Try it – Set down, please, exactly the lines below that run from the line with "text \<open>A logical" to the line with "so it serves", both lines included.
★ ★ ★ ★ ★
(* Let $\mathcal{S}=\langle\mathcal{L},\vdash\rangle$ be a logical structure and $\varrho,\sigma\subseteq\mathcal{P}(\mathcal{L})\times\mathcal{L}$. If $\sigma$ is downward directed, then $(\vdash^\varrho)^\sigma\,\subseteq\,(\vdash^\sigma)^\varrho$. Hence, if both $\varrho$ and $\sigma$ are downward directed, then $(\vdash^\varrho)^\sigma\,=\,(\vdash^\sigma)^\varrho$.
   Context: A logical structure is a pair $\langle\mathcal{L},\vdash\rangle$ with $\mathcal{L}$ a set and $\vdash\subseteq\mathcal{P}(\mathcal{L})\times\mathcal{L}$ arbitrary. For $\varrho\subseteq\mathcal{P}(\mathcal{L})\times\mathcal{L}$: $\Gamma\vdash^\varrho\alpha$ iff there is $\Delta\subseteq\Gamma$ with $(\Delta,\alpha)\in\varrho$ and $\Delta\vdash\alpha$. $(\vdash^\varrho)^\sigma$ is the $\sigma$-companion of $\langle\mathcal{L},\vdash^\varrho\rangle$. A relation $\varrho\subseteq\mathcal{P}(\mathcal{L})\times\mathcal{L}$ is downward directed if $(\Delta,\alpha)\in\varrho$ implies $(\Delta',\alpha)\in\varrho$ for all $\Delta'\subseteq\Delta$. *)

theory Defs
  imports Main
begin

text \<open>A logical structure over a language of type 'a is represented by its
consequence relation, a set of pairs (Gamma, alpha) with Gamma a set of formulas.\<close>

type_synonym 'a cons_rel = "('a set \<times> 'a) set"

definition companion :: "'a cons_rel \<Rightarrow> 'a cons_rel \<Rightarrow> 'a cons_rel" where
  "companion turnstile rho = {(\<Gamma>, \<alpha>). \<exists>\<Delta>. \<Delta> \<subseteq> \<Gamma> \<and> (\<Delta>, \<alpha>) \<in> rho \<and> (\<Delta>, \<alpha>) \<in> turnstile}"

definition downward_directed :: "'a cons_rel \<Rightarrow> bool" where
  "downward_directed rho \<longleftrightarrow> (\<forall>\<Delta> \<alpha> \<Delta>'. (\<Delta>, \<alpha>) \<in> rho \<longrightarrow> \<Delta>' \<subseteq> \<Delta> \<longrightarrow> (\<Delta>', \<alpha>) \<in> rho)"

end

theory Submission
  imports Defs
begin

lemma mem_companion_iff:
  "(\<Gamma>, \<alpha>) \<in> companion turnstile rho \<longleftrightarrow> (\<exists>\<Delta>\<subseteq>\<Gamma>. (\<Delta>, \<alpha>) \<in> rho \<and> (\<Delta>, \<alpha>) \<in> turnstile)"
  unfolding companion_def by blast

lemma downward_directedD:
  "downward_directed rho \<Longrightarrow> (\<Delta>, \<alpha>) \<in> rho \<Longrightarrow> \<Delta>' \<subseteq> \<Delta> \<Longrightarrow> (\<Delta>', \<alpha>) \<in> rho"
  unfolding downward_directed_def by blast

text \<open>A witness \<open>\<Delta>' \<subseteq> \<Delta> \<subseteq> \<Gamma>\<close> of \<open>(\<vdash>\<^sup>\<rho>)\<^sup>\<sigma>\<close> already lies in \<open>\<sigma>\<close>,
  so it serves as a witness for \<open>(\<vdash>\<^sup>\<sigma>)\<^sup>\<rho>\<close> on both levels.\<close>

lemma companion_companion_subset_swap:
  assumes "downward_directed sigma"
  shows "companion (companion turnstile rho) sigma \<subseteq> companion (companion turnstile sigma) rho"
proof clarify
  fix \<Gamma> \<alpha>
  assume "(\<Gamma>, \<alpha>) \<in> companion (companion turnstile rho) sigma"
  then obtain \<Delta> \<Delta>' where "\<Delta> \<subseteq> \<Gamma>" "(\<Delta>, \<alpha>) \<in> sigma" "\<Delta>' \<subseteq> \<Delta>"
      "(\<Delta>', \<alpha>) \<in> rho" "(\<Delta>', \<alpha>) \<in> turnstile"
    by (auto simp: mem_companion_iff)
  moreover have "(\<Delta>', \<alpha>) \<in> sigma"
    using downward_directedD[OF assms] \<open>(\<Delta>, \<alpha>) \<in> sigma\<close> \<open>\<Delta>' \<subseteq> \<Delta>\<close> .
  ultimately show "(\<Gamma>, \<alpha>) \<in> companion (companion turnstile sigma) rho"
    by (auto simp: mem_companion_iff)
qed

lemma companion_companion_swap:
  assumes "downward_directed rho" and "downward_directed sigma"
  shows "companion (companion turnstile rho) sigma = companion (companion turnstile sigma) rho"
  using companion_companion_subset_swap[OF assms(1)] companion_companion_subset_swap[OF assms(2)]
  by (rule antisym[rotated])

theorem theorem3p12:
  fixes turnstile rho sigma :: "'a cons_rel"
  shows "(downward_directed sigma \<longrightarrow>
            companion (companion turnstile rho) sigma \<subseteq> companion (companion turnstile sigma) rho)
       \<and> (downward_directed rho \<and> downward_directed sigma \<longrightarrow>
            companion (companion turnstile rho) sigma = companion (companion turnstile sigma) rho)"
  by (simp add: companion_companion_subset_swap companion_companion_swap)

end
★ ★ ★ ★ ★
Result for this task –
text \<open>A logical structure over a language of type 'a is represented by its
consequence relation, a set of pairs (Gamma, alpha) with Gamma a set of formulas.\<close>

type_synonym 'a cons_rel = "('a set \<times> 'a) set"

definition companion :: "'a cons_rel \<Rightarrow> 'a cons_rel \<Rightarrow> 'a cons_rel" where
  "companion turnstile rho = {(\<Gamma>, \<alpha>). \<exists>\<Delta>. \<Delta> \<subseteq> \<Gamma> \<and> (\<Delta>, \<alpha>) \<in> rho \<and> (\<Delta>, \<alpha>) \<in> turnstile}"

definition downward_directed :: "'a cons_rel \<Rightarrow> bool" where
  "downward_directed rho \<longleftrightarrow> (\<forall>\<Delta> \<alpha> \<Delta>'. (\<Delta>, \<alpha>) \<in> rho \<longrightarrow> \<Delta>' \<subseteq> \<Delta> \<longrightarrow> (\<Delta>', \<alpha>) \<in> rho)"

end

theory Submission
  imports Defs
begin

lemma mem_companion_iff:
  "(\<Gamma>, \<alpha>) \<in> companion turnstile rho \<longleftrightarrow> (\<exists>\<Delta>\<subseteq>\<Gamma>. (\<Delta>, \<alpha>) \<in> rho \<and> (\<Delta>, \<alpha>) \<in> turnstile)"
  unfolding companion_def by blast

lemma downward_directedD:
  "downward_directed rho \<Longrightarrow> (\<Delta>, \<alpha>) \<in> rho \<Longrightarrow> \<Delta>' \<subseteq> \<Delta> \<Longrightarrow> (\<Delta>', \<alpha>) \<in> rho"
  unfolding downward_directed_def by blast

text \<open>A witness \<open>\<Delta>' \<subseteq> \<Delta> \<subseteq> \<Gamma>\<close> of \<open>(\<vdash>\<^sup>\<rho>)\<^sup>\<sigma>\<close> already lies in \<open>\<sigma>\<close>,
  so it serves as a witness for \<open>(\<vdash>\<^sup>\<sigma>)\<^sup>\<rho>\<close> on both levels.\<close>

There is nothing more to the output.